Disclosure infrastructure is everything that goes into producing the annual report: the reporting templates, the consolidation process, the internal review chain, the external consultant who cross-checks the figures, the disclosure document itself. Over the past three years, Indian listed companies have invested significantly in building this. Most can now produce a credible BRSR report on an annual cycle. Some can do it with a reasonable degree of internal rigour.
Data infrastructure is different. It is the system of measurement, collection, and control that sits upstream of the report - the operational systems that generate the underlying numbers before anyone thinks about what the report will say. Specifically: are the energy, water, waste, and emission figures in the BRSR traceable to actual measurement points at the facility level? Are they collected consistently, with defined methodologies, by accountable individuals, at defined frequencies? Are there documented internal controls that would allow an auditor to verify the data trail from facility to consolidated figure?

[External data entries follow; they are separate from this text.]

lemma card_row_deviation:
  assumes a: "a \<in> {1..r}" and g: "\<And>w. w \<in> Wdk d k \<Longrightarrow> \<bar>g w\<bar> \<le> 1"
    and var: "(\<Sum>w\<in>Wdk d k. (g w)^2) \<le> real k / real d * real (card (Wdk d k))"
    and t: "0 < t" "t \<le> 2 * (real k / real d)"
  shows "real (card {W \<in> \<Omega>. real q * t \<le>
            \<bar>(\<Sum>j\<in>{1..q}. g (W (a, j))) - real q * ((\<Sum>w\<in>Wdk d k. g w) / real (card (Wdk d k)))\<bar>})
     \<le> 2 * exp (- real q * t^2 / (4 * (real k / real d))) * real (card \<Omega>)"
proof -
  let ?J = "(\<lambda>j. (a, j)) ` {1..q}"
  have inj: "inj_on (\<lambda>j. (a, j)) {1..q}" by (auto simp: inj_on_def)
  have card_J: "card ?J = q" using card_image[OF inj] by simp
  have sum_J: "(\<Sum>i\<in>?J. g (W i)) = (\<Sum>j\<in>{1..q}. g (W (a, j)))" for W
    using sum.reindex[OF inj, of "\<lambda>i. g (W i)"] by simp
  have J: "?J \<subseteq> {1..r} \<times> {1..q}" using a by auto
  have "real (card {W \<in> \<Omega>. real (card ?J) * t \<le>
            \<bar>(\<Sum>i\<in>?J. g (W i)) - real (card ?J) * ((\<Sum>w\<in>Wdk d k. g w) / real (card (Wdk d k)))\<bar>})
     \<le> 2 * exp (- real (card ?J) * t^2 / (4 * (real k / real d))) * real (card \<Omega>)"
    by (rule card_PiE_deviation[OF _ _ Wdk_nonempty[OF k(3)] J g _ var t]) (use k one_le_d in auto)
  then show ?thesis unfolding card_J sum_J .
qed

lemma exp_vote_tail_le:
  assumes L1: "1 \<le> L"
  shows "exp (- real q * (\<nu> * \<epsilon>)^2 / (4 * (real k / real d))) \<le> tail_bound"
proof -
  have k0: "real k > 0" and d0: "real d > 0" using k one_le_d by auto
  have "real k / 25 \<le> (real d * \<nu>)^2"
    using power_mono[OF \<nu>_ge, of 2] by (simp add: power_divide)
  then have "(real k / 25) / (64 * real k^3 * L^2 * real d) \<le> (real d * \<nu>)^2 / (64 * real k^3 * L^2 * real d)"
    using k0 d0 L1 by (intro divide_right_mono) auto
  moreover have "(1 / 1600) / (L^2 * real k^2 * real d) = (real k / 25) / (64 * real k^3 * L^2 * real d)"
    using k0 d0 L1 by (simp add: field_simps power2_eq_square power3_eq_cube)
  moreover have "(\<nu> * \<epsilon>)^2 / (4 * (real k / real d)) = (real d * \<nu>)^2 / (64 * real k^3 * L^2 * real d)"
    using k0 d0 L1 by (simp add: field_simps power2_eq_square power3_eq_cube)
  ultimately have "real q * ((1 / 1600) / (L^2 * real k^2 * real d))
      \<le> real q * ((\<nu> * \<epsilon>)^2 / (4 * (real k / real d)))"
    by (intro mult_left_mono) simp_all
  moreover have "- real q * (\<nu> * \<epsilon>)^2 / (4 * (real k / real d))
      = - (real q * ((\<nu> * \<epsilon>)^2 / (4 * (real k / real d))))" by simp
  moreover have "- (1 / 1600) * real q / (L^2 * real k^2 * real d)
      = - (real q * ((1 / 1600) / (L^2 * real k^2 * real d)))" by simp
  ultimately show ?thesis unfolding tail_bound_def by simp
qed

lemma exp_load_tail_le:
  assumes L1: "1 \<le> L"
  shows "exp (- real q * (real k / real d)^2 / (4 * (real k / real d))) \<le> tail_bound"
proof -
  have k0: "real k > 0" and d0: "real d > 0" using k one_le_d by auto
  have "1 \<le> L^2 * real k^2" using L1 k by (simp add: one_le_power mult_ge1_I)
  then have "4 * real d \<le> 1600 * (L^2 * real k^2 * real d)" using d0 by (simp add: mult_ge1_I)
  then have "(1 / 1600) / (L^2 * real k^2 * real d) \<le> 1 / (4 * real d)"
    using d0 by (simp add: divide_simps)
  also have "\<dots> \<le> real k / (4 * real d)" using k d0 by (intro divide_right_mono) auto
  also have "\<dots> = (real k / real d)^2 / (4 * (real k / real d))"
    using k0 d0 by (simp add: field_simps power2_eq_square)
  finally have "real q * ((1 / 1600) / (L^2 * real k^2 * real d))
      \<le> real q * ((real k / real d)^2 / (4 * (real k / real d)))"
    by (rule mult_left_mono) simp
  moreover have "- real q * (real k / real d)^2 / (4 * (real k / real d))
      = - (real q * ((real k / real d)^2 / (4 * (real k / real d))))" by simp
  moreover have "- (1 / 1600) * real q / (L^2 * real k^2 * real d)
      = - (real q * ((1 / 1600) / (L^2 * real k^2 * real d)))" by simp
  ultimately show ?thesis unfolding tail_bound_def by simp
qed

lemma \<epsilon>_pos: "0 < \<epsilon>"
  using k L by simp

lemma \<epsilon>_le_1: "1 \<le> L \<Longrightarrow> \<epsilon> \<le> 1"
  using k mult_ge1_I[of "4 * real k" L] by (simp add: divide_le_eq)

lemma card_vote_deviation:
  assumes L1: "1 \<le> L" and a: "a \<in> {1..r}" and x: "x \<in> X" and v: "v < d"
  shows "real (card {W \<in> \<Omega>. real q * (\<nu> * \<epsilon>) \<le> vote_deviation W a x v}) \<le> 2 * tail_bound * real (card \<Omega>)"
proof -
  let ?W = "Wdk d k" and ?N = "real (card (Wdk d k))"
  define g where "g w = w v * sgn (\<Sum>l<d. w l * G a x l)" for w :: "nat \<Rightarrow> real"
  have g_le: "\<bar>g w\<bar> \<le> \<bar>w v\<bar>" for w
    by (simp add: g_def abs_mult sgn_real_def)
  have "(\<Sum>w\<in>?W. g w) = G a x v * (\<Sum>w\<in>?W. w 0 * sgn (\<Sum>m<d. w m))"
    unfolding g_def by (rule sum_Wdk_coord_vote[OF G_cube_X[OF _ x] v]) (use a in auto)
  then have mean: "(\<Sum>w\<in>?W. g w) / ?N = \<nu> * G a x v"
    by (simp add: vote_correlation_def)
  have "(\<Sum>w\<in>?W. (g w)^2) \<le> (\<Sum>w\<in>?W. \<bar>w v\<bar>)"
    using g_le by (intro sum_mono) (metis Wdk_coord_sq abs_ge_zero power2_abs power_mono)
  then have var: "(\<Sum>w\<in>?W. (g w)^2) \<le> real k / real d * ?N"
    using sum_Wdk_abs_coord[OF v] by simp
  have "\<nu> * \<epsilon> \<le> real k / real d * 1"
    by (rule mult_mono[OF \<nu>_le \<epsilon>_le_1[OF L1]]) (use \<epsilon>_pos in auto)
  moreover have "0 < real k / real d" using k one_le_d by simp
  ultimately have t: "0 < \<nu> * \<epsilon>" "\<nu> * \<epsilon> \<le> 2 * (real k / real d)"
    using \<nu>_pos \<epsilon>_pos by auto
  have dev: "vote_deviation W a x v = \<bar>(\<Sum>j\<in>{1..q}. g (W (a, j))) - real q * ((\<Sum>w\<in>?W. g w) / ?N)\<bar>" for W
    unfolding mean by (simp add: vote_deviation_def fstar_def g_def mult.assoc)
  have "real (card {W \<in> \<Omega>. real q * (\<nu> * \<epsilon>) \<le> vote_deviation W a x v})
      \<le> 2 * exp (- real q * (\<nu> * \<epsilon>)^2 / (4 * (real k / real d))) * real (card \<Omega>)"
    unfolding dev using g_le Wdk_abs_coord_le_1
    by (intro card_row_deviation[OF a _ var t]) (blast intro: order_trans)
  also have "\<dots> \<le> 2 * tail_bound * real (card \<Omega>)"
    using exp_vote_tail_le[OF L1] by (intro mult_right_mono) simp_all
  finally show ?thesis .
qed

lemma card_load_deviation:
  assumes L1: "1 \<le> L" and a: "a \<in> {1..r}" and v: "v < d"
  shows "real (card {W \<in> \<Omega>. real q * (real k / real d) \<le> load_deviation W a v})
    \<le> 2 * tail_bound * real (card \<Omega>)"
proof -
  let ?W = "Wdk d k" and ?N = "real (card (Wdk d k))" and ?\<sigma>2 = "real k / real d"
  have \<sigma>2: "0 < ?\<sigma>2" using k one_le_d by simp
  have abs_sum: "(\<Sum>w\<in>?W. \<bar>w v\<bar>) = ?\<sigma>2 * ?N" by (rule sum_Wdk_abs_coord[OF v])
  then have var: "(\<Sum>w\<in>?W. \<bar>w v\<bar>^2) \<le> ?\<sigma>2 * ?N"
    by (simp add: Wdk_coord_sq)
  have dev: "load_deviation W a v = \<bar>(\<Sum>j\<in>{1..q}. \<bar>W (a, j) v\<bar>) - real q * ((\<Sum>w\<in>?W. \<bar>w v\<bar>) / ?N)\<bar>" for W
    unfolding abs_sum using Wdk_nonempty[OF k(3)] by (simp add: load_deviation_def)
  have "real (card {W \<in> \<Omega>. real q * ?\<sigma>2 \<le> load_deviation W a v})
      \<le> 2 * exp (- real q * ?\<sigma>2^2 / (4 * ?\<sigma>2)) * real (card \<Omega>)"
    unfolding dev using Wdk_abs_coord_le_1 \<sigma>2
    by (intro card_row_deviation[OF a _ var]) auto
  also have "\<dots> \<le> 2 * tail_bound * real (card \<Omega>)"
    using exp_load_tail_le[OF L1] by (intro mult_right_mono) simp_all
  finally show ?thesis .
qed

lemma card_bad_event:
  assumes L1: "1 \<le> L" and a: "a \<in> {1..r}" and x: "x \<in> X" and v: "v < d"
  shows "real (card (bad_event a x v)) \<le> 4 * tail_bound * real (card \<Omega>)"
proof -
  have "card (bad_event a x v) \<le> card {W \<in> \<Omega>. real q * (\<nu> * \<epsilon>) \<le> vote_deviation W a x v}
      + card {W \<in> \<Omega>. real q * (real k / real d) \<le> load_deviation W a v}"
    unfolding bad_event_def by (rule card_Un_le)
  then show ?thesis using card_vote_deviation[OF assms] card_load_deviation[OF L1 a v] by linarith
qed

text \<open>The factor \<open>1 + \<epsilon>\<close> keeps the values of the estimator inside \<open>[-1, 1]\<close>.\<close>

definition row_estimator :: "(nat \<times> nat \<Rightarrow> nat \<Rightarrow> real) \<Rightarrow> nat \<Rightarrow> nat \<Rightarrow> (nat \<times> nat) rpoly" where
  "row_estimator W a v =
     (\<Sum>j\<in>{1..q}. rpoly_const (W (a, j) v / ((1 + \<epsilon>) * (real q * \<nu>))) * rpoly_var (a, j))"

lemma row_estimator_vars: "1 \<le> a \<Longrightarrow> rpoly_vars (row_estimator W a v) \<subseteq> levels q a"
  unfolding row_estimator_def levels_def
  by (intro rpoly_vars_sum order_trans[OF rpoly_vars_const_mult]) auto

lemma row_estimator_deg: "rpoly_deg_le (row_estimator W a v) 1"
  unfolding row_estimator_def by (intro rpoly_deg_le_sum rpoly_deg_le_const_mult rpoly_deg_le_var) simp

lemma row_estimator_eval:
  "rpoly_eval (row_estimator W a v) (\<lambda>m. fstar d G W m x)
     = (\<Sum>j\<in>{1..q}. W (a, j) v * fstar d G W (a, j) x) / ((1 + \<epsilon>) * (real q * \<nu>))"
  unfolding row_estimator_def by (simp add: rpoly_eval_sum rpoly_eval_mult sum_divide_distrib)

lemma row_estimator_norm:
  assumes W: "W \<in> \<Omega>" and good: "W \<notin> bad_event a x v"
  shows "coeff_l1_norm (row_estimator W a v) \<le> 10 * sqrt (real k)"
proof -
  let ?c = "(1 + \<epsilon>) * (real q * \<nu>)"
  have q\<nu>: "0 < real q * \<nu>" using q \<nu>_pos by simp
  have c: "real q * \<nu> \<le> ?c" using q\<nu> \<epsilon>_pos by (simp add: algebra_simps)
  then have c_abs: "\<bar>?c\<bar> = ?c" using q\<nu> by simp
  have "load_deviation W a v < real q * (real k / real d)"
    using W good by (auto simp: bad_event_def)
  then have load: "(\<Sum>j\<in>{1..q}. \<bar>W (a, j) v\<bar>) \<le> 2 * (real q * (real k / real d))"
    unfolding load_deviation_def by (smt (verit))
  have "coeff_l1_norm (row_estimator W a v) \<le> (\<Sum>j\<in>{1..q}. \<bar>W (a, j) v\<bar> / ?c)"
    unfolding row_estimator_def using q\<nu> c
    by (intro order_trans[OF coeff_l1_norm_sum] sum_mono order_trans[OF coeff_l1_norm_const_mult])
      (simp add: abs_divide c_abs)
  also have "\<dots> \<le> 2 * (real q * (real k / real d)) / (real q * \<nu>)"
    unfolding sum_divide_distrib[symmetric] using load q\<nu> c by (intro frac_le) auto
  also have "\<dots> = 2 * real k / (real d * \<nu>)"
    using q by (simp add: field_simps)
  also have "\<dots> \<le> 10 * sqrt (real k)"
  proof -
    have "2 * real k = 10 * sqrt (real k) * (sqrt (real k) / 5)" by simp
    also have "\<dots> \<le> 10 * sqrt (real k) * (real d * \<nu>)" using \<nu>_ge by (intro mult_left_mono) auto
    finally show ?thesis using \<nu>_pos one_le_d by (simp add: divide_le_eq)
  qed
  finally show ?thesis .
qed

For a large, well-resourced listed entity, this infrastructure may exist - particularly where ISO 14001 or ISO 50001 management systems have been implemented and maintained seriously. For the majority of mid-to-large listed companies that have built ESG reporting capabilities over the past few years, the infrastructure is partial. The disclosure is produced. The data trail behind it is variable.
What Reasonable Assurance Actually Tests
When an external assurance provider conducts reasonable assurance on a BRSR Core report, they are not checking whether the figures in the report are internally consistent with each other. They are examining whether the underlying data can withstand scrutiny.
This typically involves:
Reviewing the methodology used to collect and calculate each reported metric
Tracing a sample of reported figures back to the source data - utility bills, meter readings, production records, waste transfer notes
Evaluating whether the internal controls over data collection and consolidation are adequate to detect and prevent material errors
Assessing whether the methodologies and boundaries used are consistent with the applicable framework
A company whose BRSR figures are built on a combination of meter readings, facility manager estimates, and consultant-adjusted benchmarks will face significant difficulty in this process - not because the final numbers are necessarily wrong, but because the data trail does not exist at the depth an assurance engagement requires. The finding from the assurer will typically be a qualified conclusion or a statement noting significant limitations in the completeness and verifiability of the data.
For a company whose ESG report is read by analysts, investors, and lenders, a qualified assurance conclusion is not a minor technical footnote. It is a signal about the reliability of the organisation's ESG data - and by extension, about the credibility of its sustainability commitments.
The Preparation Window Is Now
The timeline for mandatory assurance expansion is not fixed, but the direction is. Companies that are currently outside the BRSR Core mandatory assurance scope but within the listed universe should not wait for the requirement to formalise before beginning preparation.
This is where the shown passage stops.